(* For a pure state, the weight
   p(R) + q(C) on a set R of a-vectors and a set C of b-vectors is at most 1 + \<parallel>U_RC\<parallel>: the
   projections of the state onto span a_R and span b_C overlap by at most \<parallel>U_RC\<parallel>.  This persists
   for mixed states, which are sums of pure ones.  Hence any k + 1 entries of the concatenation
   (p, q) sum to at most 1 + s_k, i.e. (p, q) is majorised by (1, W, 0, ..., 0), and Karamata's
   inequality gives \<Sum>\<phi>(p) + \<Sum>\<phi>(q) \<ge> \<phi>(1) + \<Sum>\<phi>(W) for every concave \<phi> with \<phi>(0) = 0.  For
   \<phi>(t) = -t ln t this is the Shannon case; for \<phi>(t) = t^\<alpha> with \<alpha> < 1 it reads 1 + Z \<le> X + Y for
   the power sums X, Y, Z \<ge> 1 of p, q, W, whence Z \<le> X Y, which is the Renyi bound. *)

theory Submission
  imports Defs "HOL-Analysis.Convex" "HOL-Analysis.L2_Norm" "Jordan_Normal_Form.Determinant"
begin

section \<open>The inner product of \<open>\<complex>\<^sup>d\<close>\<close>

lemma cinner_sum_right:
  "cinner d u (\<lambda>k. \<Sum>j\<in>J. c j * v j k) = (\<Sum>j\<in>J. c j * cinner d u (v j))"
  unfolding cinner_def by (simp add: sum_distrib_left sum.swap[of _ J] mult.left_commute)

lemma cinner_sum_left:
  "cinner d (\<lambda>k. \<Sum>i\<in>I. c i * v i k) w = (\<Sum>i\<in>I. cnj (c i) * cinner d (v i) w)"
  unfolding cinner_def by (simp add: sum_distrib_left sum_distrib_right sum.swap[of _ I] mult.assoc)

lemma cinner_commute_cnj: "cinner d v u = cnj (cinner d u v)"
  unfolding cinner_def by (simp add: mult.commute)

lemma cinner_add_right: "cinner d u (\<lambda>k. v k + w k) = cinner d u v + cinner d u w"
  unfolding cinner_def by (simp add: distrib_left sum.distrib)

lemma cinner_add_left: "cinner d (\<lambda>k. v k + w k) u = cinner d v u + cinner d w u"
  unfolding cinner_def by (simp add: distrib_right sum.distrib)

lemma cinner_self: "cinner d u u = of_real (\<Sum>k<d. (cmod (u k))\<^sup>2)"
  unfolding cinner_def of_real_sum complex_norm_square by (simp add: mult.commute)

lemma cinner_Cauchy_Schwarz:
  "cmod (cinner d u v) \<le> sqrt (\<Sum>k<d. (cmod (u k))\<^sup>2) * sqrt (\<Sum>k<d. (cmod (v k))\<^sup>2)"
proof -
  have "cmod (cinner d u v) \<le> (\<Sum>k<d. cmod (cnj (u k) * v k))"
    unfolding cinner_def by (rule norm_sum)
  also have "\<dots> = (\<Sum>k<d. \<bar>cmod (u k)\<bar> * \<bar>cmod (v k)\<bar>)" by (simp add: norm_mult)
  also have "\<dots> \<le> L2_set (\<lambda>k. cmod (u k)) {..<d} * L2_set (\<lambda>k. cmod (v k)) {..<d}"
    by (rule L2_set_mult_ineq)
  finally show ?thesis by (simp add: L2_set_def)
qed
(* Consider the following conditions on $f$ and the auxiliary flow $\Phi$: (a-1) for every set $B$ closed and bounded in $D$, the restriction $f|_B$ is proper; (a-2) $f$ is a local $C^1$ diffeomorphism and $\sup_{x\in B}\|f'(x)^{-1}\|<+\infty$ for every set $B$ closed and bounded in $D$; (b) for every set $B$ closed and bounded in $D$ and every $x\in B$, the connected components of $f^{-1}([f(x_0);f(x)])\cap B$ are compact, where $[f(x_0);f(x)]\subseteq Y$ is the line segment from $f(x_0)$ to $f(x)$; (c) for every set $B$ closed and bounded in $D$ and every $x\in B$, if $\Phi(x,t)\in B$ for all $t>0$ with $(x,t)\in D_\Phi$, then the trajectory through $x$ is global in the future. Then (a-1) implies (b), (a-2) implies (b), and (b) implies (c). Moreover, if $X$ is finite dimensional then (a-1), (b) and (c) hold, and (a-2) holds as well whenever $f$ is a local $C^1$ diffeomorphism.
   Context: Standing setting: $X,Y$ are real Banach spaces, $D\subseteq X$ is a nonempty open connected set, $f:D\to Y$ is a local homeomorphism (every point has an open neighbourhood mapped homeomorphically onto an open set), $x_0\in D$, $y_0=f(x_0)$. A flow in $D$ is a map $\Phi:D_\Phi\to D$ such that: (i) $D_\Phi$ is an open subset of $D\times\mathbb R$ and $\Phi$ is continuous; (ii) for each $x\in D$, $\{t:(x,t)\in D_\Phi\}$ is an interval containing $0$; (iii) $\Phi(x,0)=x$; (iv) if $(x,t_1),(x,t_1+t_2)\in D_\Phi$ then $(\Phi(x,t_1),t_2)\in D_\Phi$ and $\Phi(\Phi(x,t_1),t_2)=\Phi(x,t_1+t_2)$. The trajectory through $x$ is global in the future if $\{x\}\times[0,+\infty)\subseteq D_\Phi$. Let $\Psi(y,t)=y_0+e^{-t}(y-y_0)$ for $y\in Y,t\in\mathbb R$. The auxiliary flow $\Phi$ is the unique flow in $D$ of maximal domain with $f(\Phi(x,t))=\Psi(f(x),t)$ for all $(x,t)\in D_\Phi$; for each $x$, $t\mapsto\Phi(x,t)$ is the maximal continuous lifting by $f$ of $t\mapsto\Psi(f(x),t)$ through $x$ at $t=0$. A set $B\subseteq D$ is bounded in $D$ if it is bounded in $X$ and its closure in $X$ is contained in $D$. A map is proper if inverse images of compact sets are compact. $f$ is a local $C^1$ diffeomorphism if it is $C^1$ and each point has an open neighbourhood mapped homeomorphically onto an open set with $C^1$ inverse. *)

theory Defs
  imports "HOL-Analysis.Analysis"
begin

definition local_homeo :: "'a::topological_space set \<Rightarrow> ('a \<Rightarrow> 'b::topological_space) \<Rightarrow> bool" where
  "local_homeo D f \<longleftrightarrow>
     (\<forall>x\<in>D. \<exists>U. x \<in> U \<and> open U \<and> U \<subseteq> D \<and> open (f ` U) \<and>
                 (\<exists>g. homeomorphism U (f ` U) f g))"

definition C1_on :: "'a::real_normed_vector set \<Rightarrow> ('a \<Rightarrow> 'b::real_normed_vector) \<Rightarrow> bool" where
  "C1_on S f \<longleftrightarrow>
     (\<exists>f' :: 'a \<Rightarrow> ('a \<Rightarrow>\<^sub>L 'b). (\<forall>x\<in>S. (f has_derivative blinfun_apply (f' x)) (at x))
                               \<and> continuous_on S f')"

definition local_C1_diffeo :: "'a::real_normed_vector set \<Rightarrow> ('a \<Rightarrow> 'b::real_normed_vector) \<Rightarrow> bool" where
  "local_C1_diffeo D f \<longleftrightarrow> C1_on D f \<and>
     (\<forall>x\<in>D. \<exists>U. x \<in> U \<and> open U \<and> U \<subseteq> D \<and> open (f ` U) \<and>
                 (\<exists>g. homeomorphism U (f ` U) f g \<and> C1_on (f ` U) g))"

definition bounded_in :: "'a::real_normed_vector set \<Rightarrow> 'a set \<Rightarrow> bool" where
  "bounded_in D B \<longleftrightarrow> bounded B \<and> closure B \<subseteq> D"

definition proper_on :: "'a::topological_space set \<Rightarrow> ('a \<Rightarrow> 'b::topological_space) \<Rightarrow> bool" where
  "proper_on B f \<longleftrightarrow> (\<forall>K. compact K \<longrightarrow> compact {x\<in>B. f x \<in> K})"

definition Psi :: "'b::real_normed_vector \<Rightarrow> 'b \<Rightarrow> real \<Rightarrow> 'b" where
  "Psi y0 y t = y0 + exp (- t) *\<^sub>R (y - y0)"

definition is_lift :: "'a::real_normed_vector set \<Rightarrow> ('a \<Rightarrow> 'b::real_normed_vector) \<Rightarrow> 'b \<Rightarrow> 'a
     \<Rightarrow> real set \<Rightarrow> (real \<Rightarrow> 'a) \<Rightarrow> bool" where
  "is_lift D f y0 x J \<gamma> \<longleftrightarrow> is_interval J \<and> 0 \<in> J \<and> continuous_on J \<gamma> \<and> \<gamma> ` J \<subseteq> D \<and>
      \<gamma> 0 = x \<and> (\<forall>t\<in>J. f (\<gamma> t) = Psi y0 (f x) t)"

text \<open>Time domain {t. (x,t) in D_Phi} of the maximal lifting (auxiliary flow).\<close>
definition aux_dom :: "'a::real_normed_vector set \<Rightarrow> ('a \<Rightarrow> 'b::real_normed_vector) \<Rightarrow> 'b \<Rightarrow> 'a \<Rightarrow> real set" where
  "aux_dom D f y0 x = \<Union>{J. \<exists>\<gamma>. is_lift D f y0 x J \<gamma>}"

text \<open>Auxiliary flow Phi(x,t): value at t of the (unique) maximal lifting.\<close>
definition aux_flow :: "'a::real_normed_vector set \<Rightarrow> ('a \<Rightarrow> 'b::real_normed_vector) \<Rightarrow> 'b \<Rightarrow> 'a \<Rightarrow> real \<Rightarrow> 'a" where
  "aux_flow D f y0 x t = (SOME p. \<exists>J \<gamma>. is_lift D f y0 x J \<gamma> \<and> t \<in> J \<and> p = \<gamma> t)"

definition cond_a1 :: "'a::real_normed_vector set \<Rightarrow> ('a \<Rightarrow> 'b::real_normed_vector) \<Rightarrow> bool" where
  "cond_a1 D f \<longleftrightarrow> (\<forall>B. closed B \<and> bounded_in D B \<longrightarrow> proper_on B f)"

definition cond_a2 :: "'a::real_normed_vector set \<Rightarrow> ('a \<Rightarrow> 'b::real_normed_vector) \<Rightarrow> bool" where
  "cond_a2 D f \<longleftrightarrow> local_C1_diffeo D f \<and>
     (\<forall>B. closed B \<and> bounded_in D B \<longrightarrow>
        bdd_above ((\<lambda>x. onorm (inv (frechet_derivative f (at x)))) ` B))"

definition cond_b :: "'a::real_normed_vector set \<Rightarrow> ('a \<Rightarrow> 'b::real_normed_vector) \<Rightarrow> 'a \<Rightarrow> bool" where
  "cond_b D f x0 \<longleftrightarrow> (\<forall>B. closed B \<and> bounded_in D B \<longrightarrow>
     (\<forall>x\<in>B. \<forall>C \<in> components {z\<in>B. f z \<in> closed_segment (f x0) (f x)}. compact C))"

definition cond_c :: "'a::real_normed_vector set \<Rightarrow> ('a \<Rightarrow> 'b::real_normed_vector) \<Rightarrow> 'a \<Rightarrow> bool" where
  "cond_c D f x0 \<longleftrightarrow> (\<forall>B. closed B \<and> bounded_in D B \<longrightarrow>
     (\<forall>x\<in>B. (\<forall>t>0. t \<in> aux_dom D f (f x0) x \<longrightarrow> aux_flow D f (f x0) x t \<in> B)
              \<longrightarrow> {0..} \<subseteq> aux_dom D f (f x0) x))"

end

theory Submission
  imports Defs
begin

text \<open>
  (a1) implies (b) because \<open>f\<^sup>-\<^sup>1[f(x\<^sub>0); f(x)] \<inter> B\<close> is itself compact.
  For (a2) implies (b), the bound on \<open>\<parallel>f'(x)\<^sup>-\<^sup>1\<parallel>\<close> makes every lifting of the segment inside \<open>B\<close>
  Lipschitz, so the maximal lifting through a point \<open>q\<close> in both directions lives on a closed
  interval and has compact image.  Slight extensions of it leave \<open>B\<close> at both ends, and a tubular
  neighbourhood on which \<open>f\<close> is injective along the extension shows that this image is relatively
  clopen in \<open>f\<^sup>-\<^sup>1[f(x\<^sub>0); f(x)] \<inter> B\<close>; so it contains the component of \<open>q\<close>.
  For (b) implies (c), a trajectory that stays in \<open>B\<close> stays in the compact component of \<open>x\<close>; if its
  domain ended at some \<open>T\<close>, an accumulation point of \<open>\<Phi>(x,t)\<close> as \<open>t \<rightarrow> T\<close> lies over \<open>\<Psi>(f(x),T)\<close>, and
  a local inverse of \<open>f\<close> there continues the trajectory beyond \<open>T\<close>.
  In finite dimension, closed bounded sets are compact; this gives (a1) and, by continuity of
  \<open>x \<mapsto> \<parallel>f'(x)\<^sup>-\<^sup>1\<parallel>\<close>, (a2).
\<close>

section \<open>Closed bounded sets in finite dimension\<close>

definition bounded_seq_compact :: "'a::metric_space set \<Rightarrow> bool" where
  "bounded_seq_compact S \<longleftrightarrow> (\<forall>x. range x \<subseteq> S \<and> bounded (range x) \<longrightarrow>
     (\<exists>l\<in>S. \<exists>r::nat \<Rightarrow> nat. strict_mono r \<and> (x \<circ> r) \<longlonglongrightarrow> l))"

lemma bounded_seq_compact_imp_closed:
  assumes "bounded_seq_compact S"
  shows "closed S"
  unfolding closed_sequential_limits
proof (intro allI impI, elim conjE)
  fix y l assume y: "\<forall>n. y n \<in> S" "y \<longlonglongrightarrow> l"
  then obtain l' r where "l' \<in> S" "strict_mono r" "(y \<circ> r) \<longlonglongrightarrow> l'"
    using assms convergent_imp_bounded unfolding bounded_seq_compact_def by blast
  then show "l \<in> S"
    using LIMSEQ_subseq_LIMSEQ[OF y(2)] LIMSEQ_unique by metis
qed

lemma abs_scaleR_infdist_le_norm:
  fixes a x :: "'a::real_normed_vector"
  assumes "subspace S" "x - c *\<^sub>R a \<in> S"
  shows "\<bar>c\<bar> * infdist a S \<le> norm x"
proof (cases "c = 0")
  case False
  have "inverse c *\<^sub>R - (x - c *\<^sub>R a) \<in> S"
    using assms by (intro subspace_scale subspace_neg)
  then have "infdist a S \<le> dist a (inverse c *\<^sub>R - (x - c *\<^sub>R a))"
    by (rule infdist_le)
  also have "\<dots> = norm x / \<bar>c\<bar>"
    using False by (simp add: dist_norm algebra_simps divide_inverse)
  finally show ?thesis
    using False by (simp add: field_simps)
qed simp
---+---
» TRY IT
Restate word for word the lines of the data above, starting at the line containing "interval and has" and ending at the line containing "c *\<^sub>R a \<in>", both included, and nothing more.

» FINAL ANSWER
  interval and has compact image.  Slight extensions of it leave \<open>B\<close> at both ends, and a tubular
  neighbourhood on which \<open>f\<close> is injective along the extension shows that this image is relatively
  clopen in \<open>f\<^sup>-\<^sup>1[f(x\<^sub>0); f(x)] \<inter> B\<close>; so it contains the component of \<open>q\<close>.
  For (b) implies (c), a trajectory that stays in \<open>B\<close> stays in the compact component of \<open>x\<close>; if its
  domain ended at some \<open>T\<close>, an accumulation point of \<open>\<Phi>(x,t)\<close> as \<open>t \<rightarrow> T\<close> lies over \<open>\<Psi>(f(x),T)\<close>, and
  a local inverse of \<open>f\<close> there continues the trajectory beyond \<open>T\<close>.
  In finite dimension, closed bounded sets are compact; this gives (a1) and, by continuity of
  \<open>x \<mapsto> \<parallel>f'(x)\<^sup>-\<^sup>1\<parallel>\<close>, (a2).
\<close>

section \<open>Closed bounded sets in finite dimension\<close>

definition bounded_seq_compact :: "'a::metric_space set \<Rightarrow> bool" where
  "bounded_seq_compact S \<longleftrightarrow> (\<forall>x. range x \<subseteq> S \<and> bounded (range x) \<longrightarrow>
     (\<exists>l\<in>S. \<exists>r::nat \<Rightarrow> nat. strict_mono r \<and> (x \<circ> r) \<longlonglongrightarrow> l))"

lemma bounded_seq_compact_imp_closed:
  assumes "bounded_seq_compact S"
  shows "closed S"
  unfolding closed_sequential_limits
proof (intro allI impI, elim conjE)
  fix y l assume y: "\<forall>n. y n \<in> S" "y \<longlonglongrightarrow> l"
  then obtain l' r where "l' \<in> S" "strict_mono r" "(y \<circ> r) \<longlonglongrightarrow> l'"
    using assms convergent_imp_bounded unfolding bounded_seq_compact_def by blast
  then show "l \<in> S"
    using LIMSEQ_subseq_LIMSEQ[OF y(2)] LIMSEQ_unique by metis
qed

lemma abs_scaleR_infdist_le_norm:
  fixes a x :: "'a::real_normed_vector"
  assumes "subspace S" "x - c *\<^sub>R a \<in> S"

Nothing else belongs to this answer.